The Vouga River is the main tributary of the Ria de Aveiro lagoon, being responsible for nearly 2/3 of the total freshwater input into the lagoon [36]. Estimations of its mean freshwater flow range between 29 m³ s⁻¹ [42] and 80 m³ s⁻¹ [43], although a more recent study pointed this value to be 48 m³ s⁻¹ [25]. Due to the existence of a paper mill factory in Cacia (near station C in Figure 1) that uses freshwater in its production processes, a dam is built every year in the channel connecting the Vouga River to the Ria de Aveiro. The dam is usually built in May/June to prevent salinity intrusion during dry periods, retaining most of the freshwater upstream and allowing only a small flow to pass through [23], and it is destroyed in September/October when the river flow is strong enough. For this reason, the precipitation impact on Vouga’s freshwater input during the summer would be lower than expected if the dam did not exist, which can induce errors in freshwater input estimations during the dry season.

Measurements of freshwater flow for the Antuã, Boco, Cáster, and Ribeira dos Moínhos are practically inexistent. Consequently, it is very hard to accurately evaluate their contribution to the total freshwater input into the lagoon. Génio et al. [43] estimated mean river flows of 20 m³ s⁻¹, 10 m³ s⁻¹, 5 m³ s^−1, and 5 m³ s⁻¹ for the Antuã, Ribeira dos Moínhos, Boco, and Cáster, respectively, being their contribution small comparing with the Vouga mean freshwater flow.

The extreme river flows in Ria de Aveiro normally occur in winter and can change the salinity patterns within the lagoon [23,24,36,42]. Vicente [44] estimated peak discharge flows of 3400 m³ s⁻¹ and 4100 m³ s⁻¹ for the Vouga river, with return periods of 25, and 100 years, respectively.

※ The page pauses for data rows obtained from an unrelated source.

definition gromov_hyperbolic :: "'a set \<Rightarrow> ('a \<Rightarrow> 'a \<Rightarrow> real) \<Rightarrow> real \<Rightarrow> bool" where
  "gromov_hyperbolic Y \<rho> \<delta> \<longleftrightarrow> \<delta> \<ge> 0 \<and> (\<forall>x\<in>Y. \<forall>y\<in>Y. \<forall>z\<in>Y. \<forall>v\<in>Y.
      \<rho> x y + \<rho> z v \<le> max (\<rho> x z + \<rho> y v) (\<rho> x v + \<rho> y z) + 2 * \<delta>)"

definition tau_hat :: "('a \<Rightarrow> 'a \<Rightarrow> real) \<Rightarrow> nat \<Rightarrow> (nat \<Rightarrow> 'a) \<Rightarrow> 'a \<Rightarrow> 'a \<Rightarrow> real" where
  "tau_hat d k p x y = (1 / real k) *
     (\<Sum>i=1..k. ln (1 + 2 * d x y / sqrt (d x (p i) * d y (p i))))"

definition tau_tilde :: "('a \<Rightarrow> 'a \<Rightarrow> real) \<Rightarrow> nat \<Rightarrow> (nat \<Rightarrow> 'a) \<Rightarrow> 'a \<Rightarrow> 'a \<Rightarrow> real" where
  "tau_tilde d k p x y = (1 / real k) *
     (\<Sum>i=1..k. ln (1 + d x y / sqrt (d x (p i) * d y (p i))))"

end

theory Submission
  imports Defs
begin

text \<open>For a base point p write u(x,y) = d(x,y) / sqrt(d(x,p) d(y,p)). The triangle inequality
gives the quasi-multiplicative triangle inequality 1 + u(x,y) \<le> 2 (1 + u(x,z)) (1 + u(z,y)), and
for a quadruple with d(x,v) d(y,z) \<le> d(x,z) d(y,v) it also gives
u(x,y) u(z,v) \<le> 4 u(x,z) u(y,v). Together these yield
(1 + u(x,y)) (1 + u(z,v)) \<le> 16 (1 + u(x,z)) (1 + u(y,v)); taking logarithms of the scaled
quantities 1 + c u with c \<ge> 1 and averaging over the base points shows that the average of
ln (1 + c u) is Gromov hyperbolic with \<delta> = ln (4 c). For c = 2 and c = 1 this gives ln 8 and
ln 4, below the stated constants.\<close>

lemma mult_diff_le_of_square_diff_le:
  fixes g b D :: real
  assumes "0 < g" "0 < b" "0 \<le> D" "g\<^sup>2 - b\<^sup>2 \<le> D"
  shows "g * (g - b) \<le> D"
proof (cases "b \<le> g")
  case True
  have "g * (g - b) \<le> (g + b) * (g - b)" using True assms by (intro mult_right_mono) auto
  also have "\<dots> = g\<^sup>2 - b\<^sup>2" by (simp add: power2_eq_square algebra_simps)
  finally show ?thesis using assms by linarith
next
  case False
  then show ?thesis using assms mult_pos_neg[of g "g - b"] by linarith
qed

lemma quasi_triangle_real:
  fixes a b g Dxy Dxz Dzy :: real
  assumes "0 < a" "0 < b" "0 < g" "0 \<le> Dxz" "0 \<le> Dzy"
    and "Dxy \<le> Dxz + Dzy" "g\<^sup>2 - b\<^sup>2 \<le> Dzy" "g\<^sup>2 - a\<^sup>2 \<le> Dxz"
  shows "1 + Dxy / (a * b) \<le> 2 * (1 + Dxz / (a * g)) * (1 + Dzy / (g * b))"
proof -
  have "Dxz * (g * (g - b)) \<le> Dxz * Dzy"
    using assms by (intro mult_left_mono mult_diff_le_of_square_diff_le) auto
  moreover have "Dzy * (g * (g - a)) \<le> Dzy * Dxz"
    using assms by (intro mult_left_mono mult_diff_le_of_square_diff_le) auto
  moreover have "Dxy * g\<^sup>2 \<le> (Dxz + Dzy) * g\<^sup>2" using assms by (intro mult_right_mono) auto
  ultimately have main: "Dxy * g\<^sup>2 \<le> Dxz * g * b + Dzy * g * a + 2 * Dxz * Dzy"
    by (simp add: algebra_simps power2_eq_square)
  have "Dxy / (a * b) = Dxy * g\<^sup>2 / (a * g * g * b)"
    using assms by (simp add: field_simps power2_eq_square)
  also have "\<dots> \<le> (Dxz * g * b + Dzy * g * a + 2 * Dxz * Dzy) / (a * g * g * b)"
    using main assms by (intro divide_right_mono) auto
  also have "\<dots> = Dxz / (a * g) + Dzy / (g * b) + 2 * ((Dxz / (a * g)) * (Dzy / (g * b)))"
    using assms by (simp add: field_simps)
  finally have "Dxy / (a * b) \<le> Dxz / (a * g) + Dzy / (g * b) + 2 * ((Dxz / (a * g)) * (Dzy / (g * b)))" .
  moreover have "2 * (1 + A) * (1 + B) = 2 + 2 * A + 2 * B + 2 * (A * B)" for A B :: real
    by (simp add: algebra_simps)
  moreover have "0 \<le> Dxz / (a * g)" "0 \<le> Dzy / (g * b)" using assms by auto
  ultimately show ?thesis by (smt (verit))
qed

text \<open>The smallest of the four distances d(x,z), d(x,v), d(y,z), d(y,v) controls both
d(x,y) and d(z,v) through the triangle inequality.\<close>

lemma product_le_four_times_cross_product:
  fixes dxy dzv dxz dyv dxv dyz :: real
  assumes "0 \<le> dxy" "0 \<le> dzv"
    and "dxy \<le> dxz + dyz" "dxy \<le> dxv + dyv" "dzv \<le> dxz + dxv" "dzv \<le> dyz + dyv"
    and cross: "dxv * dyz \<le> dxz * dyv"
  shows "dxy * dzv \<le> 4 * (dxz * dyv)"
proof -
  have bound: "dxy * dzv \<le> 4 * (s * t)" if "dxy \<le> 2 * s" "dzv \<le> 2 * t" for s t
  proof -
    have "dxy * dzv \<le> (2 * s) * (2 * t)" using that assms(1,2) by (intro mult_mono) auto
    then show ?thesis by simp
  qed
  consider "dxy \<le> 2 * dyz" "dzv \<le> 2 * dxv" | "dxy \<le> 2 * dyv" "dzv \<le> 2 * dxz"
    | "dxy \<le> 2 * dxz" "dzv \<le> 2 * dyv" | "dxy \<le> 2 * dxv" "dzv \<le> 2 * dyz"
    using assms by linarith
  then show ?thesis
  proof cases
    case 1
    with bound[of dyz dxv] cross show ?thesis by (simp add: mult.commute)
  next
    case 2
    with bound[of dyv dxz] show ?thesis by (simp add: mult.commute)
  next
    case 3
    with bound[of dxz dyv] show ?thesis by simp
  next
    case 4
    with bound[of dxv dyz] cross show ?thesis by simp
  qed
qed

lemma one_plus_product_le:
  fixes uxy uzv uxz uyv :: real
  assumes "0 \<le> uxy" "0 \<le> uzv" "0 \<le> uxz" "0 \<le> uyv"
    and xy: "1 + uxy \<le> 4 * ((1 + uxz) * (1 + uyv)) * (1 + uzv)"
    and zv: "1 + uzv \<le> 4 * ((1 + uxz) * (1 + uyv)) * (1 + uxy)"
    and prod: "uxy * uzv \<le> 4 * (uxz * uyv)"
  shows "(1 + uxy) * (1 + uzv) \<le> 16 * ((1 + uxz) * (1 + uyv))"
proof -
  define Q where "Q = (1 + uxz) * (1 + uyv)"
  have Q: "uxz * uyv \<le> Q" "1 \<le> Q" using assms unfolding Q_def by (auto simp: algebra_simps)
  consider "uxy < 1" | "uzv < 1" | "1 \<le> uxy" "1 \<le> uzv" by linarith
  then show ?thesis
  proof cases
    case 1
    have "(1 + uxy) * (1 + uzv) \<le> 2 * (1 + uzv)" using 1 assms by (intro mult_right_mono) auto
    also have "\<dots> \<le> 2 * (4 * Q * (1 + uxy))" using zv unfolding Q_def by simp
    also have "\<dots> \<le> 2 * (4 * Q * 2)" using 1 Q by (simp add: mult_left_mono)
    finally show ?thesis unfolding Q_def by linarith
  next
    case 2
    have "(1 + uxy) * (1 + uzv) \<le> (1 + uxy) * 2" using 2 assms by (intro mult_left_mono) auto
    also have "\<dots> \<le> (4 * Q * (1 + uzv)) * 2" using xy unfolding Q_def by simp
    also have "\<dots> \<le> (4 * Q * 2) * 2" using 2 Q by (simp add: mult_left_mono)
    finally show ?thesis unfolding Q_def by linarith
  next
    case 3
    have "(1 + uxy) * (1 + uzv) \<le> (2 * uxy) * (2 * uzv)" using 3 by (intro mult_mono) auto
    then show ?thesis using prod Q unfolding Q_def by linarith
  qed
qed

lemma ln_one_plus_scaled_le:
  fixes a b a' b' c :: real
  assumes "0 \<le> a" "0 \<le> b" "0 \<le> a'" "0 \<le> b'" "1 \<le> c"
    and le16: "(1 + a) * (1 + b) \<le> 16 * ((1 + a') * (1 + b'))"
  shows "ln (1 + c * a) + ln (1 + c * b) \<le> ln (1 + c * a') + ln (1 + c * b') + 2 * ln (4 * c)"
proof -
  have pos: "0 < 1 + c * t" if "0 \<le> t" for t using that assms by (simp add: add_pos_nonneg)
  have "(1 + c * a) * (1 + c * b) \<le> (c * (1 + a)) * (c * (1 + b))"
    using assms by (intro mult_mono) (auto simp: algebra_simps)
  also have "\<dots> = c * c * ((1 + a) * (1 + b))" by (simp add: algebra_simps)
  also have "\<dots> \<le> c * c * (16 * ((1 + a') * (1 + b')))" using le16 by (intro mult_left_mono) auto
  also have "\<dots> \<le> c * c * (16 * ((1 + c * a') * (1 + c * b')))"
    using assms by (intro mult_left_mono mult_mono) (auto simp: mult_le_cancel_right1)
  also have "\<dots> = 4 * c * (4 * c * ((1 + c * a') * (1 + c * b')))" by (simp add: algebra_simps)
  finally have "ln ((1 + c * a) * (1 + c * b)) \<le> ln (4 * c * (4 * c * ((1 + c * a') * (1 + c * b'))))"
    using pos assms by (intro ln_mono mult_pos_pos) auto
  then show ?thesis
    using pos assms ln_realpow[of 4 2] by (simp add: ln_mult_pos mult_pos_pos)
qed

definition inv_dist :: "('a \<Rightarrow> 'a \<Rightarrow> real) \<Rightarrow> 'a \<Rightarrow> 'a \<Rightarrow> 'a \<Rightarrow> real" where
  "inv_dist d p x y = d x y / sqrt (d x p * d y p)"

More recently, on the scope of the Polis Litoral Ria de Aveiro (PLRA) program [45], peak discharge flows were estimated for return periods of 2, 10, 25, 50, and 100 years for each one of the five main tributaries of the lagoon. Such peak discharge flows were based on maximum annual precipitation data for five nearby meteorological stations, which data were fit to statistical distributions and transformed into river discharge data using a hydrological model [45]. The peak discharge flows estimated by PLRA for the different return periods are shown in

Table 1. Estimated peak discharges (m³ s⁻¹) on the scope of PLRA [45] for the five main Ria de Aveiro tributaries.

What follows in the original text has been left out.